What is expected
Lines with "shows": please show every one of them from the listing below.

------------------------------------------------------------

lemma kite_plus_Inr_Inl:
  assumes "a \<in> I \<rightarrow>\<^sub>E E" "f \<in> I \<rightarrow>\<^sub>E E"
  shows "kplus (Inr a) (Inl f) = Some s \<longleftrightarrow>
    (\<exists>c \<in> I \<rightarrow>\<^sub>E E. s = Inr c \<and> (\<forall>i\<in>I. p (f (inv_into I rho i)) (c i) = Some (a i)))"
proof
  assume "kplus (Inr a) (Inl f) = Some s"
  then have le: "\<forall>i\<in>I. pleq E p (f (inv_into I rho i)) (a i)"
    and s: "s = Inr (\<lambda>i\<in>I. minus_r E p (f (inv_into I rho i)) (a i))"
    unfolding kite_plus_def by (auto split: if_splits)
  have "minus_r E p (f (inv_into I rho i)) (a i) \<in> E \<and>
      p (f (inv_into I rho i)) (minus_r E p (f (inv_into I rho i)) (a i)) = Some (a i)"
    if "i \<in> I" for i
    using le that assms inv_rho_mem minus_r_eq unfolding pleq_def by fastforce
  with s show "\<exists>c \<in> I \<rightarrow>\<^sub>E E. s = Inr c \<and> (\<forall>i\<in>I. p (f (inv_into I rho i)) (c i) = Some (a i))"
    by (intro bexI[of _ "\<lambda>i\<in>I. minus_r E p (f (inv_into I rho i)) (a i)"]) auto
next
  assume "\<exists>c \<in> I \<rightarrow>\<^sub>E E. s = Inr c \<and> (\<forall>i\<in>I. p (f (inv_into I rho i)) (c i) = Some (a i))"
  then obtain c where c: "c \<in> I \<rightarrow>\<^sub>E E" "s = Inr c"
    and sum: "\<forall>i\<in>I. p (f (inv_into I rho i)) (c i) = Some (a i)"
    by blast
  have "minus_r E p (f (inv_into I rho i)) (a i) = c i" if "i \<in> I" for i
    using that sum c assms inv_rho_mem minus_r_eq by blast
  moreover have "\<forall>i\<in>I. pleq E p (f (inv_into I rho i)) (a i)"
    using sum c unfolding pleq_def by blast
  ultimately show "kplus (Inr a) (Inl f) = Some s"
    unfolding kite_plus_def using c by (auto intro!: extensionalityI[of _ I] simp: PiE_iff)
qed

lemma kite_plus_Inl_Inr:
  assumes "f \<in> I \<rightarrow>\<^sub>E E" "a \<in> I \<rightarrow>\<^sub>E E"
  shows "kplus (Inl f) (Inr a) = Some s \<longleftrightarrow>
    (\<exists>c \<in> I \<rightarrow>\<^sub>E E. s = Inr c \<and> (\<forall>i\<in>I. p (c i) (f (inv_into I lam i)) = Some (a i)))"
proof
  assume "kplus (Inl f) (Inr a) = Some s"
  then have le: "\<forall>i\<in>I. pleq E p (f (inv_into I lam i)) (a i)"
    and s: "s = Inr (\<lambda>i\<in>I. minus_l E p (a i) (f (inv_into I lam i)))"
    unfolding kite_plus_def by (auto split: if_splits)
  have "minus_l E p (a i) (f (inv_into I lam i)) \<in> E \<and>
      p (minus_l E p (a i) (f (inv_into I lam i))) (f (inv_into I lam i)) = Some (a i)"
    if i: "i \<in> I" for i
  proof -
    have fi: "f (inv_into I lam i) \<in> E"
      using assms i inv_lam_mem by blast
    then obtain d where "d \<in> E" "p d (f (inv_into I lam i)) = Some (a i)"
      using le i plus_move_left unfolding pleq_def by metis
    with fi show ?thesis
      using minus_l_eq by simp
  qed
  with s show "\<exists>c \<in> I \<rightarrow>\<^sub>E E. s = Inr c \<and> (\<forall>i\<in>I. p (c i) (f (inv_into I lam i)) = Some (a i))"
    by (intro bexI[of _ "\<lambda>i\<in>I. minus_l E p (a i) (f (inv_into I lam i))"]) auto
next
  assume "\<exists>c \<in> I \<rightarrow>\<^sub>E E. s = Inr c \<and> (\<forall>i\<in>I. p (c i) (f (inv_into I lam i)) = Some (a i))"
  then obtain c where c: "c \<in> I \<rightarrow>\<^sub>E E" "s = Inr c"
    and sum: "\<forall>i\<in>I. p (c i) (f (inv_into I lam i)) = Some (a i)"
    by blast
  have "minus_l E p (a i) (f (inv_into I lam i)) = c i" if "i \<in> I" for i
    using that sum c assms inv_lam_mem minus_l_eq by blast
  moreover have "pleq E p (f (inv_into I lam i)) (a i)" if "i \<in> I" for i
    using that sum c assms inv_lam_mem plus_move_right unfolding pleq_def by (metis PiE_mem)
  ultimately show "kplus (Inl f) (Inr a) = Some s"
    unfolding kite_plus_def using c by (auto intro!: extensionalityI[of _ I] simp: PiE_iff)
qed

lemma kite_plus_eq_InlD: "kplus x y = Some (Inl f) \<Longrightarrow> \<exists>g h. x = Inl g \<and> y = Inl h"
  unfolding kite_plus_def by (cases x; cases y) (auto split: if_splits)

abbreviation supp_ideal where "supp_ideal J \<equiv> kite_support_ideal I E z J"

lemma kite_support_ideal_is_ideal: "is_ideal kcarrier kplus (supp_ideal J)"
  unfolding is_ideal_def
proof (intro conjI ballI allI impI)
  have "Inl (\<lambda>i\<in>I. z) \<in> supp_ideal J"
    using zero_mem by simp
  then show "supp_ideal J \<noteq> {}"
    by blast
  show "supp_ideal J \<subseteq> kcarrier"
    by (auto simp: kite_carrier_def kite_support_ideal_def)
next
  fix x y s assume x: "x \<in> supp_ideal J" and y: "y \<in> supp_ideal J" and sum: "kplus x y = Some s"
  obtain f g where f: "x = Inl f" "f \<in> I \<rightarrow>\<^sub>E E" "\<forall>i\<in>I - J. f i = z"
    and g: "y = Inl g" "g \<in> I \<rightarrow>\<^sub>E E" "\<forall>i\<in>I - J. g i = z"
    using x y by (elim kite_support_ideal_cases)
  then obtain h where h: "h \<in> I \<rightarrow>\<^sub>E E" "s = Inl h" "\<forall>i\<in>I. p (f i) (g i) = Some (h i)"
    using sum kite_plus_Inl_Inl by auto
  have "\<forall>i\<in>I - J. h i = z"
    using f(3) g(3) h(3) plus_zero_left[OF zero_mem] by auto
  with h show "s \<in> supp_ideal J"
    by simp
next
  fix x y assume x: "x \<in> supp_ideal J" and y: "y \<in> kcarrier" and "pleq kcarrier kplus y x"
  then obtain c where c: "c \<in> kcarrier" "kplus y c = Some x"
    unfolding pleq_def by blast
  obtain f where f: "x = Inl f" "\<forall>i\<in>I - J. f i = z"
    using x by (elim kite_support_ideal_cases)
  obtain g h where gh: "y = Inl g" "c = Inl h"
    using kite_plus_eq_InlD c(2) f(1) by blast
  have "g \<in> I \<rightarrow>\<^sub>E E" "h \<in> I \<rightarrow>\<^sub>E E"
    using y c(1) gh by (auto simp: kite_carrier_def)
  moreover from this have "\<forall>i\<in>I. p (g i) (h i) = Some (f i)"
    using c(2) gh f(1) kite_plus_Inl_Inl by auto
  ultimately have "\<forall>i\<in>I - J. g i = z"
    using f(2) plus_eq_zeroD by (metis DiffD1 PiE_mem)
  with \<open>g \<in> I \<rightarrow>\<^sub>E E\<close> show "y \<in> supp_ideal J"
    using gh(1) by simp
qed

lemma kite_support_ideal_Inl_left:
  assumes "g \<in> I \<rightarrow>\<^sub>E E" "y \<in> supp_ideal J" "kplus (Inl g) y = Some s"
  shows "\<exists>y'\<in>supp_ideal J. kplus y' (Inl g) = Some s"
proof -
  obtain f where f: "y = Inl f" "f \<in> I \<rightarrow>\<^sub>E E" "\<forall>i\<in>I - J. f i = z"
    using assms(2) by (rule kite_support_ideal_cases)
  obtain h where h: "s = Inl h" "h \<in> I \<rightarrow>\<^sub>E E" "\<forall>i\<in>I. p (g i) (f i) = Some (h i)"
    using assms(3) f(1) kite_plus_Inl_Inl[OF assms(1) f(2)] by blast
  have "\<forall>i\<in>I. \<exists>d\<in>E. p d (g i) = Some (h i) \<and> (i \<notin> J \<longrightarrow> d = z)"
  proof
    fix i assume i: "i \<in> I"
    have "g i \<in> E" "f i \<in> E"
      using i assms(1) f(2) by auto
    then have "\<exists>d\<in>E. p d (g i) = Some (h i) \<and> (f i = z \<longrightarrow> d = z)"
      by (rule plus_move_left[OF _ _ h(3)[rule_format, OF i]])
    with f(3) i show "\<exists>d\<in>E. p d (g i) = Some (h i) \<and> (i \<notin> J \<longrightarrow> d = z)"
      by auto
  qed
  then obtain f' where f': "f' \<in> I \<rightarrow>\<^sub>E E" "\<forall>i\<in>I - J. f' i = z" "\<forall>i\<in>I. p (f' i) (g i) = Some (h i)"
    by (rule supported_choice)
  then have "kplus (Inl f') (Inl g) = Some s"
    using kite_plus_Inl_Inl[OF f'(1) assms(1)] h(1,2) by blast
  with f' show ?thesis
    by auto
qed

lemma kite_support_ideal_Inl_right:
  assumes "g \<in> I \<rightarrow>\<^sub>E E" "y \<in> supp_ideal J" "kplus y (Inl g) = Some s"
  shows "\<exists>y'\<in>supp_ideal J. kplus (Inl g) y' = Some s"
proof -
  obtain f where f: "y = Inl f" "f \<in> I \<rightarrow>\<^sub>E E" "\<forall>i\<in>I - J. f i = z"
    using assms(2) by (rule kite_support_ideal_cases)
  obtain h where h: "s = Inl h" "h \<in> I \<rightarrow>\<^sub>E E" "\<forall>i\<in>I. p (f i) (g i) = Some (h i)"
    using assms(3) f(1) kite_plus_Inl_Inl[OF f(2) assms(1)] by blast
  have "\<forall>i\<in>I. \<exists>e\<in>E. p (g i) e = Some (h i) \<and> (i \<notin> J \<longrightarrow> e = z)"
  proof
    fix i assume i: "i \<in> I"
    have "f i \<in> E" "g i \<in> E"
      using i assms(1) f(2) by auto
    then have "\<exists>e\<in>E. p (g i) e = Some (h i) \<and> (f i = z \<longrightarrow> e = z)"
      by (rule plus_move_right[OF _ _ h(3)[rule_format, OF i]])
    with f(3) i show "\<exists>e\<in>E. p (g i) e = Some (h i) \<and> (i \<notin> J \<longrightarrow> e = z)"
      by auto
  qed
  then obtain f' where f': "f' \<in> I \<rightarrow>\<^sub>E E" "\<forall>i\<in>I - J. f' i = z" "\<forall>i\<in>I. p (g i) (f' i) = Some (h i)"
    by (rule supported_choice)
  then have "kplus (Inl g) (Inl f') = Some s"
    using kite_plus_Inl_Inl[OF assms(1) f'(1)] h(1,2) by blast
  with f' show ?thesis
    by auto
qed

text \<open>For the two mixed sums the index shift by \<open>\<rho>\<close> on one side becomes a shift by
  \<open>\<lambda>\<close> on the other; invariance of \<open>J\<close> keeps the support inside \<open>J\<close>.\<close>

lemma kite_support_ideal_Inr_left:
  assumes J: "kite_invariant I lam rho J"
    and "a \<in> I \<rightarrow>\<^sub>E E" "y \<in> supp_ideal J" "kplus (Inr a) y = Some s"
  shows "\<exists>y'\<in>supp_ideal J. kplus y' (Inr a) = Some s"
proof -
  obtain f where f: "y = Inl f" "f \<in> I \<rightarrow>\<^sub>E E" "\<forall>i\<in>I - J. f i = z"
    using assms(3) by (rule kite_support_ideal_cases)
  obtain c where c: "s = Inr c" "c \<in> I \<rightarrow>\<^sub>E E" "\<forall>i\<in>I. p (f (inv_into I rho i)) (c i) = Some (a i)"
    using assms(4) f(1) kite_plus_Inr_Inl[OF assms(2) f(2)] by blast
  have "\<forall>i\<in>I. \<exists>e\<in>E. p (c i) e = Some (a i) \<and> (i \<notin> J \<longrightarrow> e = z)"
  proof
    fix i assume i: "i \<in> I"
    have "f (inv_into I rho i) \<in> E" "c i \<in> E"
      using i f(2) c(2) inv_rho_mem by auto
    then have "\<exists>e\<in>E. p (c i) e = Some (a i) \<and> (f (inv_into I rho i) = z \<longrightarrow> e = z)"
      by (rule plus_move_right[OF _ _ c(3)[rule_format, OF i]])
    moreover have "i \<notin> J \<Longrightarrow> f (inv_into I rho i) = z"
      using f(3) i inv_rho_mem inv_into_mem_invariant_iff[OF rho_bij kite_invariant_rhoD[OF J] i]
      by blast
    ultimately show "\<exists>e\<in>E. p (c i) e = Some (a i) \<and> (i \<notin> J \<longrightarrow> e = z)"
      by auto
  qed
  then obtain f' where f': "f' \<in> I \<rightarrow>\<^sub>E E" "\<forall>i\<in>I - J. f' i = z"
    "\<forall>i\<in>I. p (c i) (f' (inv_into I lam i)) = Some (a i)"
    by (rule supported_choice_reindex[OF lam_bij kite_invariant_lamD[OF J]])
  then have "kplus (Inl f') (Inr a) = Some s"
    using kite_plus_Inl_Inr[OF f'(1) assms(2)] c(1,2) by blast
  with f' show ?thesis
    by auto
qed

lemma kite_support_ideal_Inr_right:
  assumes J: "kite_invariant I lam rho J"
    and "a \<in> I \<rightarrow>\<^sub>E E" "y \<in> supp_ideal J" "kplus y (Inr a) = Some s"
  shows "\<exists>y'\<in>supp_ideal J. kplus (Inr a) y' = Some s"
proof -
  obtain f where f: "y = Inl f" "f \<in> I \<rightarrow>\<^sub>E E" "\<forall>i\<in>I - J. f i = z"
    using assms(3) by (rule kite_support_ideal_cases)
  obtain c where c: "s = Inr c" "c \<in> I \<rightarrow>\<^sub>E E" "\<forall>i\<in>I. p (c i) (f (inv_into I lam i)) = Some (a i)"
    using assms(4) f(1) kite_plus_Inl_Inr[OF f(2) assms(2)] by blast
  have "\<forall>i\<in>I. \<exists>d\<in>E. p d (c i) = Some (a i) \<and> (i \<notin> J \<longrightarrow> d = z)"
  proof
    fix i assume i: "i \<in> I"
    have "c i \<in> E" "f (inv_into I lam i) \<in> E"
      using i f(2) c(2) inv_lam_mem by auto
    then have "\<exists>d\<in>E. p d (c i) = Some (a i) \<and> (f (inv_into I lam i) = z \<longrightarrow> d = z)"
      by (rule plus_move_left[OF _ _ c(3)[rule_format, OF i]])
    moreover have "i \<notin> J \<Longrightarrow> f (inv_into I lam i) = z"
      using f(3) i inv_lam_mem inv_into_mem_invariant_iff[OF lam_bij kite_invariant_lamD[OF J] i]
      by blast
    ultimately show "\<exists>d\<in>E. p d (c i) = Some (a i) \<and> (i \<notin> J \<longrightarrow> d = z)"
      by auto
  qed
  then obtain f' where f': "f' \<in> I \<rightarrow>\<^sub>E E" "\<forall>i\<in>I - J. f' i = z"
    "\<forall>i\<in>I. p (f' (inv_into I rho i)) (c i) = Some (a i)"
    by (rule supported_choice_reindex[OF rho_bij kite_invariant_rhoD[OF J]])
  then have "kplus (Inr a) (Inl f') = Some s"
    using kite_plus_Inr_Inl[OF assms(2) f'(1)] c(1,2) by blast
  with f' show ?thesis
    by auto
qed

------------------------------------------------------------

Solved problem
  shows "kplus (Inr a) (Inl f) = Some s \<longleftrightarrow>
  shows "kplus (Inl f) (Inr a) = Some s \<longleftrightarrow>
  shows "\<exists>y'\<in>supp_ideal J. kplus y' (Inl g) = Some s"
  shows "\<exists>y'\<in>supp_ideal J. kplus (Inl g) y' = Some s"
  shows "\<exists>y'\<in>supp_ideal J. kplus y' (Inr a) = Some s"
  shows "\<exists>y'\<in>supp_ideal J. kplus (Inr a) y' = Some s"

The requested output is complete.